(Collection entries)
::::

lemma psd_sqrt_pseudo_inverse:
  fixes \<rho> :: "complex^'n::finite^'n"
  assumes "psd \<rho>"
  obtains R P where "msqrt \<rho> ** R = P" "R ** msqrt \<rho> = P" "R ** \<rho> ** R = P"
    "adj R = R" "adj P = P" "\<rho> ** (mat 1 - P) = 0" "\<And>x. Re (cinner x (P *v x)) \<le> norm x ^ 2"
proof -
  \<comment> \<open>\<open>R\<close> inverts \<open>msqrt \<rho>\<close> on the support of \<open>\<rho>\<close>, and \<open>P\<close> is the projection onto that support.\<close>
  obtain V r where V: "unitary V" "\<forall>j. r j \<ge> 0" "\<rho> = diag_in V (\<lambda>j. of_real (r j))"
    using psd_unitary_diagonalisation [OF assms] by blast
  define R where "R = diag_in V (\<lambda>j. of_real (if r j > 0 then 1 / sqrt (r j) else 0))"
  define P where "P = diag_in V (\<lambda>j. of_real (if r j > 0 then 1 else 0))"
  have sqrt: "msqrt \<rho> = diag_in V (\<lambda>j. of_real (sqrt (r j)))"
    by (simp add: V(3) msqrt_diag_in [OF V(1)] V(2))
  have "msqrt \<rho> ** R = P" "R ** msqrt \<rho> = P"
    by (auto simp: sqrt R_def P_def diag_in_mult [OF V(1)] intro!: diag_in_cong
        simp flip: of_real_mult)
  moreover have "R ** \<rho> ** R = P"
    by (auto simp: R_def P_def V(3) diag_in_mult [OF V(1)] intro!: diag_in_cong
        simp flip: of_real_mult)
  moreover have "adj R = R" "adj P = P"
    by (simp_all add: R_def P_def adj_diag_in)
  moreover have "\<rho> ** (mat 1 - P) = 0"
  proof -
    have "r j * (1 - (if r j > 0 then 1 else 0)) = 0" for j
      using V(2) by (metis diff_self less_eq_real_def mult_eq_0_iff)
    then have "\<rho> ** (mat 1 - P) = diag_in V (\<lambda>_. 0)"
      unfolding V(3) P_def diag_in_1 [OF V(1), symmetric] diag_in_diff diag_in_mult [OF V(1)]
      by (intro diag_in_cong) (metis of_real_0 of_real_1 of_real_diff of_real_mult)
    then show ?thesis
      by (simp add: diag_in_0)
  qed
  moreover have "Re (cinner x (P *v x)) \<le> norm x ^ 2" for x
  proof -
    have "Re (cinner x (P *v x)) \<le> (\<Sum>j\<in>UNIV. cmod ((adj V *v x) $ j) ^ 2)"
      unfolding P_def Re_cinner_diag_in_real by (intro sum_mono) simp
    then show ?thesis
      by (simp add: sum_cmod_sq_unitary [OF V(1)])
  qed
  ultimately show ?thesis
    using that by blast
qed

section \<open>Block positivity and the variational formula for the root fidelity\<close>

text \<open>\<open>block_psd \<rho> X \<sigma>\<close> says that the block operator with rows \<open>(\<rho>, X)\<close> and \<open>(adj X, \<sigma>)\<close>
  is positive semidefinite, written out as its quadratic form at \<open>(u, v)\<close>.\<close>

definition block_psd :: "complex^'n^'n \<Rightarrow> complex^'n^'n \<Rightarrow> complex^'n^'n \<Rightarrow> bool" where
  "block_psd \<rho> X \<sigma> \<longleftrightarrow>
     (\<forall>u v. 0 \<le> Re (cinner u (\<rho> *v u)) + 2 * Re (cinner u (X *v v)) + Re (cinner v (\<sigma> *v v)))"

definition contraction :: "complex^'n^'n \<Rightarrow> bool" where
  "contraction K \<longleftrightarrow> (\<forall>x y. cmod (cinner x (K *v y)) \<le> norm x * norm y)"

lemma nonneg_quadratic_discriminant:
  fixes a b c :: real
  assumes "\<And>t. 0 \<le> t^2 * a - 2 * t * c + b" "a \<ge> 0" "c \<ge> 0"
  shows "c^2 \<le> a * b"
proof (cases "a = 0")
  case True
  show ?thesis
  proof (rule ccontr)
    assume "\<not> ?thesis"
    with True assms(3) have "c > 0"
      by (simp add: less_le)
    then show False
      using assms(1) [of "(b + 1) / (2 * c)"] True by (simp add: field_simps)
  qed
next
  case False
  with assms(2) have "a > 0"
    by simp
  have "0 \<le> (c / a)^2 * a - 2 * (c / a) * c + b"
    by (rule assms(1))
  also have "\<dots> = b - c^2 / a"
    using \<open>a > 0\<close> by (simp add: field_simps power2_eq_square)
  finally show ?thesis
    using \<open>a > 0\<close> by (simp add: field_simps)
qed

::::

What to do — Lines holding "definition": copy each one from the records above.

Task output —
definition block_psd :: "complex^'n^'n \<Rightarrow> complex^'n^'n \<Rightarrow> complex^'n^'n \<Rightarrow> bool" where
definition contraction :: "complex^'n^'n \<Rightarrow> bool" where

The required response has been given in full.